Ce n'est qu'après la retombée des données que la Fed deviendra l'histoire. Les décideurs se réunissent les 16 et 17 septembre, et bien que le marché évalue toujours à environ 90 % la probabilité d'une baisse des taux en septembre, l'IPC de demain déterminera combien de conviction reste dans ce pari. Le président de la Fed, Jerome Powell, a souligné à plusieurs reprises l'engagement de la Fed envers une approche axée sur les données, attendre et voir. Il a récemment déclaré que le comité est toujours « bien placé pour attendre d'en savoir plus sur le cours probable de l'économie avant d'envisager tout ajustement à notre position politique », et a averti que « si nous baissons les taux trop tôt, peut-être que nous n'avons pas terminé le travail avec l'inflation. L'histoire est jalonnée d'exemples de cela.” Le rapport sur l'emploi de juillet a donné plus de munitions aux colombes, mais Powell et la majorité du FOMC ont jusqu'à présent résisté à agir prématurément, préférant voir si les augmentations de prix induites par les tarifs s'avèrent transitoires ou plus persistantes.
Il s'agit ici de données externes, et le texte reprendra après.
lemma one_plus_pow6_ge: "0 \<le> (x::real) \<Longrightarrow> 5/4 * x\<^sup>2 + 3/2 * x ^ 3 \<le> (1 + x) ^ 6"
proof -
  assume x: "0 \<le> x"
  have "(1 + x) ^ 6 = 1 + 6*x + 15*x\<^sup>2 + 20*x^3 + 15*x^4 + 6*x^5 + x^6"
    by (simp add: power_def algebra_simps eval_nat_numeral)
  moreover have "0 \<le> x\<^sup>2" "0 \<le> x^3" "0 \<le> x^4" "0 \<le> x^5" "0 \<le> x^6" using x by auto
  ultimately show ?thesis using x by linarith
qed

text \<open>Each of \<open>b\<^sub>0, b\<^sub>1\<close> is at most \<open>x/2\<close> and each of \<open>a\<^sub>0, a\<^sub>1\<close> at most \<open>x\<close>, so the
  left-hand side is at most \<open>L (5/4 x\<^sup>2 + 3/2 x\<^sup>3) \<le> L (1 + x)\<^sup>6\<close>.\<close>

lemma third_order_bound_arith:
  fixes L a0 a1 a2 b0 b1 b2 :: real
  defines "x \<equiv> 2 * b0 + a0 + (2 * b1 + a1)"
  assumes nonneg: "0 \<le> a0" "0 \<le> a1" "0 \<le> b0" "0 \<le> b1" "0 \<le> b2"
    and L: "1 \<le> L" "a2 \<le> L" "b2 \<le> sqrt L" "(1 + x) ^ 6 \<le> sqrt L"
  shows "a2 * b0\<^sup>2 + 4 * a1 * b0 * b1 + a0 * (2 * b0 * b2 + 2 * b1\<^sup>2) \<le> L * sqrt L"
proof -
  have x0: "0 \<le> x" using nonneg by (simp add: x_def)
  have b2: "b2 \<le> L" using L(3) sqrt_le_self[OF L(1)] by linarith
  have le_x: "b0 \<le> x/2" "b1 \<le> x/2" "a0 \<le> x" "a1 \<le> x" using nonneg by (auto simp: x_def)
  have "a2 * b0\<^sup>2 \<le> L * (x\<^sup>2/4)"
  proof -
    have "b0\<^sup>2 \<le> (x/2)\<^sup>2" using le_x nonneg by (intro power_mono) auto
    then show ?thesis using L(1,2) by (intro mult_mono) (auto simp: power_divide)
  qed
  moreover have "4 * a1 * b0 * b1 \<le> L * x ^ 3"
  proof -
    have "a1 * (b0 * b1) \<le> x * ((x/2) * (x/2))"
      using le_x nonneg by (intro mult_mono) auto
    then have "4 * a1 * b0 * b1 \<le> x ^ 3" by (simp add: power3_eq_cube algebra_simps)
    also have "\<dots> \<le> L * x ^ 3" using L(1) x0 by (simp add: mult_le_cancel_right1)
    finally show ?thesis .
  qed
  moreover have "a0 * (2 * b0 * b2) \<le> L * x\<^sup>2"
  proof -
    have "a0 * (b0 * b2) \<le> x * ((x/2) * L)"
      using le_x nonneg b2 x0 by (intro mult_mono) auto
    then show ?thesis by (simp add: power2_eq_square algebra_simps)
  qed
  moreover have "a0 * (2 * b1\<^sup>2) \<le> L * (x ^ 3/2)"
  proof -
    have "a0 * b1\<^sup>2 \<le> x * (x/2)\<^sup>2"
      using le_x nonneg x0 by (intro mult_mono power_mono) auto
    then have "a0 * (2 * b1\<^sup>2) \<le> x ^ 3/2" by (simp add: power2_eq_square power3_eq_cube algebra_simps)
    also have "\<dots> \<le> L * (x ^ 3/2)" using L(1) x0 by (simp add: mult_le_cancel_right1)
    finally show ?thesis .
  qed
  ultimately have "a2 * b0\<^sup>2 + 4 * a1 * b0 * b1 + a0 * (2 * b0 * b2 + 2 * b1\<^sup>2)
      \<le> L * (5/4 * x\<^sup>2 + 3/2 * x ^ 3)" by (simp add: algebra_simps)
  also have "\<dots> \<le> L * (1 + x) ^ 6" using one_plus_pow6_ge[OF x0] L(1) by (intro mult_left_mono) auto
  also have "\<dots> \<le> L * sqrt L" using L(1,4) by (intro mult_left_mono) auto
  finally show ?thesis .
qed

lemma powr_minus_three_halves:
  fixes L :: real
  assumes "0 < L" "2 \<le> n"
  shows "L powr (real n - 3/2) = L ^ (n - 2) * sqrt L"
proof -
  have "real n - 3/2 = real (n - 2) + 1/2" using assms(2) by (simp add: of_nat_diff)
  then have "L powr (real n - 3/2) = L powr real (n - 2) * L powr (1/2)"
    by (simp only: powr_add)
  also have "\<dots> = L ^ (n - 2) * sqrt L"
    using assms(1) by (simp only: powr_realpow powr_half_sqrt)
  finally show ?thesis .
qed

text \<open>\<open>B n\<close> plays the role of the norm of \<open>\<partial>\<^sub>q\<^sup>n(1/u)\<close>; the step hypothesis is what the
  triple-product estimate delivers.\<close>

lemma factorial_growth_induction:
  fixes B :: "nat \<Rightarrow> real" and L :: real
  assumes L: "1 \<le> L" and B2: "B 2 \<le> sqrt L" and B3: "B 3 \<le> L * sqrt L"
    and step: "\<And>n. 4 \<le> n \<Longrightarrow> n \<le> N \<Longrightarrow>
                 (\<And>m. 2 \<le> m \<Longrightarrow> m < n \<Longrightarrow> B m \<le> L ^ (m - 1) * fact (m - 2)) \<Longrightarrow>
                 B n \<le> sqrt L * L ^ (n - 2) * fact (n - 3)"
  shows "2 \<le> n \<Longrightarrow> n \<le> N \<Longrightarrow> B n \<le> L powr (real n - 3/2) * fact (n - 2)"
proof (induction n rule: less_induct)
  case (less n)
  have L0: "0 < L" using L by simp
  note powr_eq = powr_minus_three_halves[OF L0]
  consider "n = 2" | "n = 3" | "4 \<le> n" using less.prems by linarith
  then show ?case
  proof cases
    case 1
    then show ?thesis unfolding powr_eq[OF less.prems(1)] using B2 by simp
  next
    case 2
    then show ?thesis unfolding powr_eq[OF less.prems(1)] using B3 by (simp add: mult.commute)
  next
    case 3
    have "B m \<le> L ^ (m - 1) * fact (m - 2)" if "2 \<le> m" "m < n" for m
    proof -
      have "B m \<le> L ^ (m - 2) * sqrt L * fact (m - 2)"
        using less.IH[OF that(2,1)] that less.prems unfolding powr_eq[OF that(1)] by simp
      also have "\<dots> \<le> L ^ (m - 2) * L * fact (m - 2)"
        using L sqrt_le_self[OF L] by (intro mult_right_mono mult_left_mono) auto
      also have "\<dots> = L ^ Suc (m - 2) * fact (m - 2)"
        by (simp only: power_Suc2)
      also have "Suc (m - 2) = m - 1"
        using that(1) by simp
      finally show ?thesis .
    qed
    then have "B n \<le> sqrt L * L ^ (n - 2) * fact (n - 3)" using step 3 less.prems by blast
    also have "\<dots> \<le> sqrt L * L ^ (n - 2) * fact (n - 2)"
      using L0 by (intro mult_left_mono fact_mono) auto
    finally show ?thesis unfolding powr_eq[OF less.prems(1)] by (simp add: mult_ac)
  qed
qed

section \<open>Bounds on the derivatives of the reciprocal\<close>

lemma holder_norm_dqn3_reciprocal_le_sqrt:
  fixes u :: "real \<times> real \<Rightarrow> real"
  defines "v \<equiv> \<lambda>z. 1 / u z"
  assumes p: "p0 < 0" and u: "q_holder \<alpha> p0 3 u"
    and c: "0 < c" and lb: "\<And>z. z \<in> OmegaBar p0 \<Longrightarrow> c \<le> u z"
    and L: "1 \<le> L" "holder_norm \<alpha> p0 (dqn 3 u) \<le> L" "holder_norm \<alpha> p0 (dqn 2 v) \<le> sqrt L"
      "(1 + (2 * holder_norm \<alpha> p0 v + holder_norm \<alpha> p0 (dq u)
             + (2 * holder_norm \<alpha> p0 (dq v) + holder_norm \<alpha> p0 (dqn 2 u)))) ^ 6 \<le> sqrt L"
  shows "holder_norm \<alpha> p0 (dqn 3 v) \<le> L * sqrt L"
proof -
  have nonneg: "0 \<le> holder_norm \<alpha> p0 (dqn m f)" if "q_holder \<alpha> p0 3 f" "m \<le> 3" for f m
    using holder_norm_nonneg[OF q_holder_in_Holder[OF that] p] .
  have v: "q_holder \<alpha> p0 3 v" unfolding v_def using q_holder_inverse[OF p c lb u] .
  show ?thesis
    using holder_norm_dqn3_reciprocal_le[OF p u c lb, folded v_def]
      third_order_bound_arith[OF nonneg[OF u, of 1, simplified] nonneg[OF u, of 2, simplified]
        nonneg[OF v, of 0, simplified] nonneg[OF v, of 1, simplified] nonneg[OF v, of 2, simplified] L]
    by linarith
qed

definition triple_product_bound :: "real \<Rightarrow> real \<Rightarrow> real \<Rightarrow> bool" where
  "triple_product_bound \<alpha> p0 C1 \<longleftrightarrow> (\<forall>M (L::real) u1 u2 u3. M \<ge> 3 \<longrightarrow> L \<ge> 1 \<longrightarrow>
     Cq M \<alpha> p0 u1 \<longrightarrow> Cq M \<alpha> p0 u2 \<longrightarrow> Cq M \<alpha> p0 u3 \<longrightarrow>
     (\<forall>n. 2 \<le> n \<and> n \<le> M \<longrightarrow>
        holder_norm \<alpha> p0 (dqn n u1) \<le> L ^ (n - 1) * fact (n - 2) \<and>
        holder_norm \<alpha> p0 (dqn n u2) \<le> L ^ (n - 1) * fact (n - 2) \<and>
        holder_norm \<alpha> p0 (dqn n u3) \<le> L ^ (n - 1) * fact (n - 2)) \<longrightarrow>
     (\<forall>n. 2 \<le> n \<and> n \<le> M \<longrightarrow>
        holder_norm \<alpha> p0 (dqn n (\<lambda>z. u1 z * u2 z * u3 z))
          \<le> C1 * (1 + (\<Sum>l\<le>1. holder_norm \<alpha> p0 (dqn l u1) + holder_norm \<alpha> p0 (dqn l u2)
                               + holder_norm \<alpha> p0 (dqn l u3))) ^ 6 * L ^ (n - 1) * fact (n - 2)))"

lemma triple_product_boundD:
  assumes "triple_product_bound \<alpha> p0 C1" "3 \<le> M" "1 \<le> L"
    "Cq M \<alpha> p0 u1" "Cq M \<alpha> p0 u2" "Cq M \<alpha> p0 u3"
    "\<forall>n. 2 \<le> n \<and> n \<le> M \<longrightarrow>
        holder_norm \<alpha> p0 (dqn n u1) \<le> L ^ (n - 1) * fact (n - 2) \<and>
        holder_norm \<alpha> p0 (dqn n u2) \<le> L ^ (n - 1) * fact (n - 2) \<and>
        holder_norm \<alpha> p0 (dqn n u3) \<le> L ^ (n - 1) * fact (n - 2)"
    "2 \<le> n" "n \<le> M"
  shows "holder_norm \<alpha> p0 (dqn n (\<lambda>z. u1 z * u2 z * u3 z))
          \<le> C1 * (1 + (\<Sum>l\<le>1. holder_norm \<alpha> p0 (dqn l u1) + holder_norm \<alpha> p0 (dqn l u2)
                               + holder_norm \<alpha> p0 (dqn l u3))) ^ 6 * L ^ (n - 1) * fact (n - 2)"
  using assms unfolding triple_product_bound_def by blast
Pour l'instant, les investisseurs sont divisés entre deux possibilités : une impression d'inflation qui confirme que l'économie se dirige vers un atterrissage en douceur - ou une qui signale des pressions sur les prix tenaces au moment même où la croissance commence à faiblir. D'ici mardi midi, ils pourraient savoir quel chemin ils empruntent, et la Fed aussi.